Co-Founder & CEO, Shit You Should Care About

Lucy Blakiston is a New Zealand media founder and writer and the co-founder and chief executive of Shit You Should Care About (SYSCA) — the youth-focused media platform that turns global news, politics, culture and internet moments into something people actually want to read.
Blakiston started SYSCA in 2018 with her two childhood best friends from Blenheim, Ruby Edwards and Olivia Mercer, while the three were students at Victoria University of Wellington. The idea arrived in the back of an international relations lecture: Blakiston, frustrated that the news felt as though it had not been made for her, texted the others to suggest they start something. What began as a WordPress blog between friends grew into one of New Zealand’s most recognisable social-first media brands, with a global audience built through Instagram, a daily newsletter, podcasts and a sharp, unmistakable editorial voice.

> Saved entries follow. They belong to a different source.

(* Let $\bar s$ be a positive half-integer and let $\mathcal D,\mathcal D'$ be even nonnegative integers. Let $\mathcal H^{RSOS}(\mathcal D;\mathcal D';\bar s)$ be the set of integer sequences $(a_0,a_1,\dots,a_{\mathcal D};b_0,b_1,\dots,b_{\mathcal D'})$ such that (i) $0\le a_i\le 2\bar s$ for all $i$ and $0\le b_j\le 2\bar s$ for all $j$; (ii) $\frac{a_{i+1}-a_i+2\bar s-1}{2}\in\{0,1,\dots,2\bar s-1\}$ for $0\le i\le\mathcal D-1$, and $\frac{b_{j+1}-b_j+1}{2}\in\{0,1\}$ for $0\le j\le \mathcal D'-1$; (iii) $2\bar s-2\le a_i+a_{i+1}\le 2\bar s+2$ for $0\le i\le \mathcal D-1$; (iv) $a_0=0$, $a_{\mathcal D}=b_0$ and $b_{\mathcal D'}=0$. Then the number of elements of $\mathcal H^{RSOS}(\mathcal D;\mathcal D';\bar s)$ equals $$\frac{2^{\mathcal D+\mathcal D'}}{\bar s+1}\sum_{q=1}^{2\bar s+1}\sin^2\!\Big(\frac{q\pi}{2\bar s+2}\Big)\cos^{\mathcal D+\mathcal D'}\!\Big(\frac{q\pi}{2\bar s+2}\Big),$$ with the convention $0^0=1$.
   Context: This set describes paths of a generalized RSOS model with restriction parameter $2\bar s+2$ (heights $0,\dots,2\bar s$), whose first $\mathcal D$ steps have jump $2\bar s-1$ and last $\mathcal D'$ steps have jump $1$. *)

theory Defs
  imports Complex_Main
begin

text \<open>The half-integer \<open>s\<close> is encoded by \<open>m = 2 s\<close> (a positive natural number).\<close>

definition H_RSOS :: "nat \<Rightarrow> nat \<Rightarrow> nat \<Rightarrow> (int list \<times> int list) set" where
  "H_RSOS D D' m = {(a, b).
      length a = D + 1 \<and> length b = D' + 1 \<and>
      (\<forall>i\<le>D. 0 \<le> a ! i \<and> a ! i \<le> int m) \<and>
      (\<forall>j\<le>D'. 0 \<le> b ! j \<and> b ! j \<le> int m) \<and>
      (\<forall>i<D. \<exists>k\<in>{0..int m - 1}. a ! (i+1) - a ! i + int m - 1 = 2 * k) \<and>
      (\<forall>j<D'. \<exists>k\<in>{0..1::int}. b ! (j+1) - b ! j + 1 = 2 * k) \<and>
      (\<forall>i<D. int m - 2 \<le> a ! i + a ! (i+1) \<and> a ! i + a ! (i+1) \<le> int m + 2) \<and>
      a ! 0 = 0 \<and> a ! D = b ! 0 \<and> b ! D' = 0}"

end

theory Submission
  imports Defs
begin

The premise was simple but powerful: make people care without making them feel stupid for not already knowing. SYSCA spoke in a language native to the internet, mixing serious world events with pop culture, humour and personal reflection. Some of that instinct traces back to Blakiston’s teenage years running a large One Direction fan account, where she learned how online communities form, how attention moves and how to tell a story quickly.
The platform found its moment during the upheavals of 2020, Covid-19, the Black Lives Matter movement and the US and New Zealand elections, when locked-down young people were hungry for information but unsure where to start. SYSCA’s following surged and the project grew into a global media ecosystem spanning newsletters, podcasts, events and the 2024 book Make It Make Sense, which Blakiston co-authored with poet and writer Bel Hawkins.
Over time, Edwards and Mercer moved on to other ventures and by 2023 Blakiston had taken sole ownership of SYSCA, running it as founder and CEO, for a period from her bedroom in Wellington and later from her home region of Marlborough. The platform now reaches millions across its channels and Blakiston has been signed by talent agency WME. In March 2026 she was named Go Media Young New Zealander of the Year, recognising her work helping young people engage with the news in a more human, accessible way. She has also been named to Forbes’ 30 Under 30 Asia.
Blakiston’s story is noteworthy because she built a media company without waiting for permission from the old media system. She understood that younger audiences were not apathetic, they were overwhelmed, under-served and tired of being spoken down to and proved that serious information can be useful, funny, emotional and culturally fluent all at once.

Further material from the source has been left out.